Boris Johnson ha sido interrogado por un funcionario sobre los escándalos de Partygate que se reveló el domingo por la noche, ya que se supo que planea imponer una prohibición de bebidas alcohólicas en el número 10 como parte de su lucha contra la 'Operación Carne Roja' destinada a salvar su cargo de primer ministro.
Se entiende que Johnson discutió las fiestas ilícitas que se celebraron en Downing Street con Sue Gray, de la Oficina del Gabinete, quien dirige la investigación antes de su publicación, que podría llegar tan pronto como esta semana.
No 10 se prepara para una semana difícil con el temor de que los parlamentarios conservadores regresen a Westminster hoy después de haber pasado el fin de semana siendo bombardeados por sus electores por la disputa.
Pero Whitehall parece estar preparándose para los hallazgos de la Sra. Gray, con el primer ministro lanzando un "bombardeo de políticas" preventivo en un intento de hacer retroceder la mayor crisis que ha enfrentado desde que asumió el cargo en 2019.
Se ha discutido el fin de la cultura de beber de Downing Street como parte de una reorganización política más amplia denominada Operación Carne Roja a raíz del escándalo del partido.
El largo pedido de fin de la licencia de la BBC y los esfuerzos renovados para frenar los cruces de inmigrantes en el Canal también se encontraban entre los otros "movimientos populistas" promocionados por Downing Street como parte de los esfuerzos renovados para atraer votantes y parlamentarios conservadores rebeldes.
Las tensas negociaciones entre el Gobierno y la BBC sobre el costo de la tarifa anual hasta finales de 2027 han concluido, y la Sra. Dorries decidió mantener la licencia en £159 durante los próximos dos años.
Y por primera vez en la historia, la Fuerza Fronteriza del Reino Unido estará bajo una cadena de mando militar en la lucha contra los traficantes ilegales de personas luego de un año récord de cruces en el Canal de la Mancha.
También se espera el fin de las medidas restrictivas del Plan B Covid y la eliminación del círculo más íntimo del primer ministro, incluido su asediado secretario privado Martin Reynolds.
Se espera que Johnson regrese a sus funciones públicas el miércoles, donde se enfrentará al líder laborista Sir Keir Starmer y a cualquier diputado desilusionado en las PMQ.

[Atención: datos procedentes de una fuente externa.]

(* Let $a=(a_1<\dots<a_n)$ be the sequence of a matching of size $n$ and $d(a)=\sum_i(a_i-i)$. For an indeterminate $t$, let $\Phi_a(\tau,t)$ be the coefficient of $\prod_{i=1}^n u_i^{a_i-1}$ in the formal power series $$\prod_{i=1}^n(1+\tau u_i)^t\prod_{1\le i<j\le n}(u_j-u_i)(1+\tau u_j+u_iu_j),$$ where $(1+\tau u)^t=\sum_{k\ge0}\binom{t}{k}\tau^ku^k$. Then $\Phi_a(\tau,t)$ is a polynomial in $\tau$ with coefficients in $\mathbb{Q}[t]$, of degree $d(a)$ in $\tau$, whose coefficient of $\tau^{d(a)}$ is $$D_a(t)=\det_{1\le i,j\le n}\left[\binom{t+i-1}{a_i-j}\right].$$
   Context: A matching of size $n$ is a set of $n$ disjoint noncrossing pairs partitioning $\{1,\dots,2n\}$; its sequence $a_1<\dots<a_n$ lists the smaller elements of its arches (so $a_i\le 2i-1$). $\binom{x}{k}=x(x-1)\cdots(x-k+1)/k!$ for $k\ge0$ and $0$ for $k<0$. *)

theory Defs
  imports "HOL-Library.Poly_Mapping" "HOL-Computational_Algebra.Polynomial"
    "Jordan_Normal_Form.Determinant"
begin

definition noncrossing_matching :: "nat \<Rightarrow> (nat \<times> nat) set \<Rightarrow> bool" where
  "noncrossing_matching n M \<longleftrightarrow>
     (\<forall>p\<in>M. fst p < snd p \<and> fst p \<in> {1..2*n} \<and> snd p \<in> {1..2*n}) \<and>
     (\<forall>x\<in>{1..2*n}. \<exists>!p. p \<in> M \<and> (x = fst p \<or> x = snd p)) \<and>
     \<not> (\<exists>p\<in>M. \<exists>q\<in>M. fst p < fst q \<and> fst q < snd p \<and> snd p < snd q)"

(* the sequence a_1 < ... < a_n of smaller elements; a_(i+1) = matching_seq M ! i *)
definition matching_seq :: "(nat \<times> nat) set \<Rightarrow> nat list" where
  "matching_seq M = sorted_list_of_set (fst ` M)"

definition pbinom :: "rat poly \<Rightarrow> nat \<Rightarrow> rat poly" where
  "pbinom p k = smult (1 / fact k) (\<Prod>m<k. p - [:of_nat m:])"

definition tbinom :: "nat \<Rightarrow> int \<Rightarrow> rat poly" where
  "tbinom s k = (if k < 0 then 0 else pbinom [:of_nat s, 1:] (nat k))"

(* the indeterminate t and tau: Phi lives in (Q[t])[tau] = rat poly poly *)
definition tau :: "rat poly poly" where "tau = [:0, 1:]"

(* multivariate polynomials in u_0, u_1, ... with coefficients in Q[t][tau] *)
type_synonym upoly = "(nat \<Rightarrow>\<^sub>0 nat) \<Rightarrow>\<^sub>0 rat poly poly"

definition uvar :: "nat \<Rightarrow> upoly" where
  "uvar i = Poly_Mapping.single (Poly_Mapping.single i 1) 1"

definition uconst :: "rat poly poly \<Rightarrow> upoly" where
  "uconst c = Poly_Mapping.single 0 c"

definition Qpoly :: "nat \<Rightarrow> upoly" where
  "Qpoly n = (\<Prod>(i,j)\<in>{(i,j). i < j \<and> j < n}.
      (uvar j - uvar i) * (1 + uconst tau * uvar j + uvar i * uvar j))"

(* coefficient of u^m in the series (1 + tau u)^t, i.e. binom(t,m) tau^m *)
definition ser_coeff :: "nat \<Rightarrow> rat poly poly" where
  "ser_coeff m = [:pbinom [:0, 1:] m:] * tau ^ m"

(* Phi_a(tau,t): coefficient of prod_i u_i^(a_i - 1) in
   prod_i (1+tau u_i)^t * Qpoly n, computed as the (finite) Cauchy product:
   sum over monomials u^e of Qpoly with coefficient q_e, times the coefficient
   of u_i^(a_i-1-e_i) in (1+tau u_i)^t (zero if e_i > a_i - 1), with e_i = 0
   required for i >= n (target exponent 0). *)
definition Phi :: "nat list \<Rightarrow> rat poly poly" where
  "Phi a = (let n = length a in
     \<Sum>e\<in>Poly_Mapping.keys (Qpoly n).
        (if (\<forall>i\<ge>n. Poly_Mapping.lookup e i = 0) then
           Poly_Mapping.lookup (Qpoly n) e *
           (\<Prod>i<n. if Poly_Mapping.lookup e i \<le> a ! i - 1
                     then ser_coeff (a ! i - 1 - Poly_Mapping.lookup e i) else 0)
         else 0))"

definition dstat :: "nat list \<Rightarrow> nat" where
  "dstat a = (\<Sum>i<length a. a ! i - (i + 1))"

(* D_a(t) = det [binom(t+i-1, a_i - j)]_{1<=i,j<=n}; 0-based: binom(t+i, a!i - j - 1) *)
definition Dmat :: "nat list \<Rightarrow> rat poly mat" where
  "Dmat a = mat (length a) (length a)
     (\<lambda>(i,j). tbinom i (int (a ! i) - int j - 1))"

end

theory Submission
  imports Defs "HOL-Computational_Algebra.Formal_Power_Series"
begin

(* Let a = (a_1 < ... < a_n), b_i = a_i - 1 and d = d(a).
   Each factor (u_j - u_i)(1 + tau u_j + u_i u_j) of the polynomial part of the
   series has six monomials, so the polynomial part is a sum over "choices" g (one
   monomial per factor) of signed monomials.  Extracting the coefficient of
   prod u_i^(b_i) is a linear functional, so Phi(a) is a sum with one summand per
   choice, and a count of tau-exponents shows that the summand of g is a constant
   times tau^(d - 2 q(g)), where q(g) is the number of factors from which u_i u_j
   was taken.  Hence deg Phi(a) <= d, and the coefficient of tau^d collects the
   choices with q(g) = 0; it is the same kind of extraction applied to
   prod (u_j - u_i)(1 + u_j) = Vandermonde(u) * prod (1 + u_i)^i.  Expanding the
   Vandermonde determinant over permutations and using the Vandermonde convolution
   sum_k binom(i,k) binom(t,L-k) = binom(t+i,L) turns it into det D_a(t).
   Finally D_a(t) <> 0: its coefficient of t^d is det [1/(b_i - j)!], which is
   prod_i 1/b_i! times a Vandermonde determinant in the distinct numbers b_i. *)


section \<open>Determinant identities\<close>

lemma det_mat_leibniz:
  fixes f :: "nat \<Rightarrow> nat \<Rightarrow> 'a::comm_ring_1"
  shows "det (mat n n (\<lambda>(i,j). f i j))
       = (\<Sum>\<sigma>\<in>{\<sigma>. \<sigma> permutes {..<n}}. signof \<sigma> * (\<Prod>i<n. f i (\<sigma> i)))"
  by (subst det_def'[of _ n])
     (auto simp: atLeast0LessThan permutes_in_image intro!: sum.cong prod.cong)

lemma det_scale_rows:
  fixes c :: "nat \<Rightarrow> 'a::comm_ring_1"
  shows "det (mat n n (\<lambda>(i,j). c i * f i j)) = (\<Prod>i<n. c i) * det (mat n n (\<lambda>(i,j). f i j))"
  by (simp add: det_mat_leibniz prod.distrib sum_distrib_left ac_simps)

lemma det_upper_unitriangular:
  fixes f :: "nat \<Rightarrow> nat \<Rightarrow> 'a::comm_ring_1"
  assumes "\<And>i j. j < i \<Longrightarrow> i < n \<Longrightarrow> f i j = 0" and "\<And>i. i < n \<Longrightarrow> f i i = 1"
  shows "det (mat n n (\<lambda>(i,j). f i j)) = 1"
proof -
  have "upper_triangular (mat n n (\<lambda>(i,j). f i j))"
    using assms(1) by (auto simp: upper_triangular_def)
  then have "det (mat n n (\<lambda>(i,j). f i j)) = prod_list (diag_mat (mat n n (\<lambda>(i,j). f i j)))"
    by (rule det_upper_triangular) auto
  also have "\<dots> = 1" unfolding prod_list_diag_prod by (simp add: assms(2))
  finally show ?thesis .
qed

Las encuestas de YouGov indicaron que el índice de popularidad del primer ministro estaba en su nivel más bajo desde el comienzo de su mandato.
Los leales a Johnson pasaron el fin de semana tratando de convencer al vacilante apoyo conservador en lo que será una de las semanas más importantes del mandato del primer ministro.
Pero el ex ministro Tim Loughton se convirtió ayer en el sexto diputado conservador en pedir la renuncia de Johnson.
El primer ministro tiene como objetivo devolver el golpe a la creciente inquietud de los conservadores con un aluvión de anuncios de política en las próximas dos semanas en un intento por tomar la iniciativa, denominada "Operación Carne Roja".
Eso comenzó anoche con la noticia de que las Fuerzas Armadas tomarán el control de abordar las embarcaciones de migrantes en el Canal.
El Ministerio de Defensa tomará el control de la operación dentro de unas semanas, luego de que el Primer Ministro aprobara un cambio dramático en las tácticas.
Se espera que los buques de la Royal Navy y el apoyo de la RAF se desplieguen para patrullar las aguas territoriales del Reino Unido como parte de una campaña de política denominada Operación Carne Roja que, según Johnson, cambiará el rumbo de la inquietud de los Tory por su cargo de primer ministro.
Los funcionarios esperan que la participación de las Fuerzas Armadas tenga un “efecto disuasorio” significativo.
Fuentes gubernamentales prometieron que la medida daría como resultado un "cambio demostrable" en la crisis del Canal, que el año pasado vio un récord de 28.300 inmigrantes que llegaron al Reino Unido desde el norte de Francia.
Los parlamentarios conservadores dieron la bienvenida a la medida anoche. Fue el primer anuncio importante cuando Johnson busca volver a encarrilar su cargo de primer ministro tras los escándalos de 'Partygate' que han sacudido a su gobierno.
“El comando de la Fuerza Fronteriza, que supervisa los incidentes en el Canal, pasará al Ministerio de Defensa”, dijo una fuente de Whitehall.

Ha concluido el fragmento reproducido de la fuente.